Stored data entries
lemma permutes_eq_split_perm:
  assumes q: "q permutes {..<n}" and qS: "q ` {..<p} = S" and pn: "p \<le> n"
  obtains t1 t2 where "t1 permutes {..<p}" "t2 permutes {..<n - p}" "q = split_perm n p S t1 t2"
proof -
  let ?C = "{..<n} - S"
  have Ssub: "S \<subseteq> {..<n}" using qS permutes_lessThan_less[OF q] pn by auto
  have fS: "finite S" and cS: "card S = p"
    using qS permutes_inj[OF q] by (auto simp: card_image inj_on_subset)
  have cC: "card ?C = n - p" using card_lessThan_Diff[OF Ssub] cS by simp
  have qC: "q ` {p..<n} = ?C"
  proof -
    have "q ` {..<n} = {..<n}" by (rule permutes_image[OF q])
    moreover have "{..<n} = {..<p} \<union> {p..<n}" using pn by auto
    moreover have "q ` {..<p} \<inter> q ` {p..<n} = {}"
      using permutes_inj[OF q] by (auto simp: inj_eq)
    ultimately show ?thesis using qS by auto
  qed
  have q_inj: "inj_on q A" for A using permutes_inj[OF q] by (rule inj_on_subset) simp
  define t1 where "t1 i = (if i < p then set_index S (q i) else i)" for i
  define t2 where "t2 i = (if i < n - p then set_index ?C (q (p + i)) else i)" for i
  have "bij_betw q {..<p} S" using qS q_inj by (simp add: bij_betw_def)
  then have "t1 permutes {..<p}" unfolding t1_def using fS cS by (rule set_index_comp_permutes)
  moreover have "bij_betw q {p..<n} ?C" using qC q_inj by (simp add: bij_betw_def)
  then have "bij_betw (\<lambda>i. q (p + i)) {..<n - p} ?C"
    using bij_betw_trans[OF bij_betw_plus_lessThan[OF pn]] by (simp add: comp_def)
  then have "t2 permutes {..<n - p}" unfolding t2_def using _ cC by (rule set_index_comp_permutes) simp
  moreover have "q = split_perm n p S t1 t2"
  proof
    fix i
    consider "i < p" | "p \<le> i" "i < n" | "n \<le> i" by linarith
    then show "q i = split_perm n p S t1 t2 i"
    proof cases
      case 1
      then show ?thesis using qS fS by (auto simp: split_perm_def t1_def)
    next
      case 2
      then have "q i \<in> ?C" unfolding qC[symmetric] by simp
      moreover have "i - p < n - p" "p + (i - p) = i" using 2 by auto
      ultimately show ?thesis using 2 by (simp add: split_perm_def t2_def)
    next
      case 3
      then show ?thesis using permutes_not_in[OF q, of i] pn by (simp add: split_perm_def)
    qed
  qed
  ultimately show thesis by (rule that)
qed
(* Let $n\in\mathbb N$, let $A$ be a Young function satisfying (C1), (C2), (C3), let $B$ be the associated function, let $\varphi$ be a gauge function and let $\psi$ be the associated gauge function. Then the function $\Xi_{\psi,B}(r)=r\,\Theta_\psi\big(\Theta_{B^{-1}}(1/r)^+\big)$, $r>0$, is non-decreasing on $(0,\infty)$.
   Context: A gauge function is a function $\varphi\colon[0,\infty)\to[0,\infty)$ that is increasing, continuous and vanishes only at $0$, and (standing assumption) such that $r\mapsto\varphi(r)/r^n$ is non-increasing on $(0,\infty)$. A Young function is a non-trivial convex $A\colon[0,\infty)\to[0,\infty]$ with $A(0)=0$; $\widetilde A(t)=\sup_{\tau\ge0}(\tau t-A(\tau))$. Conditions: (C1) if $n=1$, $\lim_{t\to\infty}t/A(t)=0$; if $n\ge2$, $\int^\infty (t/A(t))^{1/(n-1)}dt<\infty$. (C2) $0<A(t)<\infty$ for $t>0$. (C3) if $n=1$, $\lim_{t\to0^+}t/A(t)=\infty$; if $n\ge2$, $\int_0(t/A(t))^{1/(n-1)}dt=\infty$. $B=A$ if $n=1$; for $n\ge2$, $B$ is the Young conjugate of $t\mapsto t^{n'}\int_t^\infty\widetilde A(s)s^{-1-n'}ds$, $n'=n/(n-1)$. $J(0)=0$, $J(s)=sB^{-1}(\varphi(s)/s^n)$ for $s>0$, $\psi(r)=\varphi(J^{-1}(r))$. For $h\colon(0,\infty)\to(0,\infty)$, $\Theta_h(r)=\sup_{t>0}h(rt)/h(t)$ for $r>0$, and $\Theta_h(a^+)=\lim_{\rho\to a^+}\Theta_h(\rho)$. *)

theory Defs
  imports "HOL-Analysis.Analysis"
begin

text \<open>Young function (real-valued on [0,inf); values of A off [0,inf) are irrelevant).
  Finite-valuedness is harmless since condition (C2) is assumed anyway.\<close>
definition young_fun :: "(real \<Rightarrow> real) \<Rightarrow> bool" where
  "young_fun A \<longleftrightarrow> convex_on {0..} A \<and> A 0 = 0 \<and> (\<forall>t\<ge>0. 0 \<le> A t) \<and> (\<exists>t>0. A t \<noteq> 0)"

definition young_conj :: "(real \<Rightarrow> ereal) \<Rightarrow> real \<Rightarrow> ereal" where
  "young_conj f t = (SUP \<tau>\<in>{0..}. ereal (\<tau> * t) - f \<tau>)"

definition cond_C1 :: "nat \<Rightarrow> (real \<Rightarrow> real) \<Rightarrow> bool" where
  "cond_C1 n A \<longleftrightarrow>
     (if n = 1 then ((\<lambda>t. t / A t) \<longlongrightarrow> 0) at_top
      else (\<integral>\<^sup>+ t\<in>{1..}. ennreal ((t / A t) powr (1 / (real n - 1))) \<partial>lborel) < \<infinity>)"

definition cond_C2 :: "(real \<Rightarrow> real) \<Rightarrow> bool" where
  "cond_C2 A \<longleftrightarrow> (\<forall>t>0. 0 < A t)"

definition cond_C3 :: "nat \<Rightarrow> (real \<Rightarrow> real) \<Rightarrow> bool" where
  "cond_C3 n A \<longleftrightarrow>
     (if n = 1 then filterlim (\<lambda>t. t / A t) at_top (at_right 0)
      else (\<integral>\<^sup>+ t\<in>{0<..<1}. ennreal ((t / A t) powr (1 / (real n - 1))) \<partial>lborel) = \<infinity>)"

definition aux_E :: "nat \<Rightarrow> (real \<Rightarrow> real) \<Rightarrow> real \<Rightarrow> ereal" where
  "aux_E n A t = (let n' = real n / (real n - 1) in
     ereal (t powr n') *
     enn2ereal (\<integral>\<^sup>+ s\<in>{t<..}. e2ennreal (young_conj (\<lambda>\<tau>. ereal (A \<tau>)) s)
                                  * ennreal (s powr (-1 - n')) \<partial>lborel))"

definition assoc_B :: "nat \<Rightarrow> (real \<Rightarrow> real) \<Rightarrow> real \<Rightarrow> ereal" where
  "assoc_B n A = (if n = 1 then (\<lambda>t. ereal (A t)) else young_conj (aux_E n A))"

definition young_inv :: "(real \<Rightarrow> ereal) \<Rightarrow> real \<Rightarrow> real" where
  "young_inv f s = Sup {t. 0 \<le> t \<and> f t \<le> ereal s}"

definition gauge_fun :: "nat \<Rightarrow> (real \<Rightarrow> real) \<Rightarrow> bool" where
  "gauge_fun n \<phi> \<longleftrightarrow> strict_mono_on {0..} \<phi> \<and> continuous_on {0..} \<phi> \<and> \<phi> 0 = 0
     \<and> (\<forall>r>0. 0 < \<phi> r) \<and> antimono_on {0<..} (\<lambda>r. \<phi> r / r ^ n)"

definition J_fun :: "nat \<Rightarrow> (real \<Rightarrow> real) \<Rightarrow> (real \<Rightarrow> real) \<Rightarrow> real \<Rightarrow> real" where
  "J_fun n A \<phi> s = (if s = 0 then 0 else s * young_inv (assoc_B n A) (\<phi> s / s ^ n))"

definition assoc_psi :: "nat \<Rightarrow> (real \<Rightarrow> real) \<Rightarrow> (real \<Rightarrow> real) \<Rightarrow> real \<Rightarrow> real" where
  "assoc_psi n A \<phi> r = \<phi> (the_inv_into {0..} (J_fun n A \<phi>) r)"

definition Theta :: "(real \<Rightarrow> real) \<Rightarrow> real \<Rightarrow> ereal" where
  "Theta h r = (SUP t\<in>{0<..}. ereal (h (r * t) / h t))"

definition Theta_right :: "(real \<Rightarrow> real) \<Rightarrow> real \<Rightarrow> ereal" where
  "Theta_right h a = Lim (at_right a) (Theta h)"

definition Xi :: "nat \<Rightarrow> (real \<Rightarrow> real) \<Rightarrow> (real \<Rightarrow> real) \<Rightarrow> real \<Rightarrow> ereal" where
  "Xi n A \<phi> r = ereal r * Theta_right (assoc_psi n A \<phi>)
                   (real_of_ereal (Theta (young_inv (assoc_B n A)) (1 / r)))"

end

theory Submission
  imports Defs
begin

### Exercise description
Look through the data above. Each line containing the word "longleftrightarrow" needs to be copied.

### Reply to the exercise
  "young_fun A \<longleftrightarrow> convex_on {0..} A \<and> A 0 = 0 \<and> (\<forall>t\<ge>0. 0 \<le> A t) \<and> (\<exists>t>0. A t \<noteq> 0)"
  "cond_C1 n A \<longleftrightarrow>
  "cond_C2 A \<longleftrightarrow> (\<forall>t>0. 0 < A t)"
  "cond_C3 n A \<longleftrightarrow>
  "gauge_fun n \<phi> \<longleftrightarrow> strict_mono_on {0..} \<phi> \<and> continuous_on {0..} \<phi> \<and> \<phi> 0 = 0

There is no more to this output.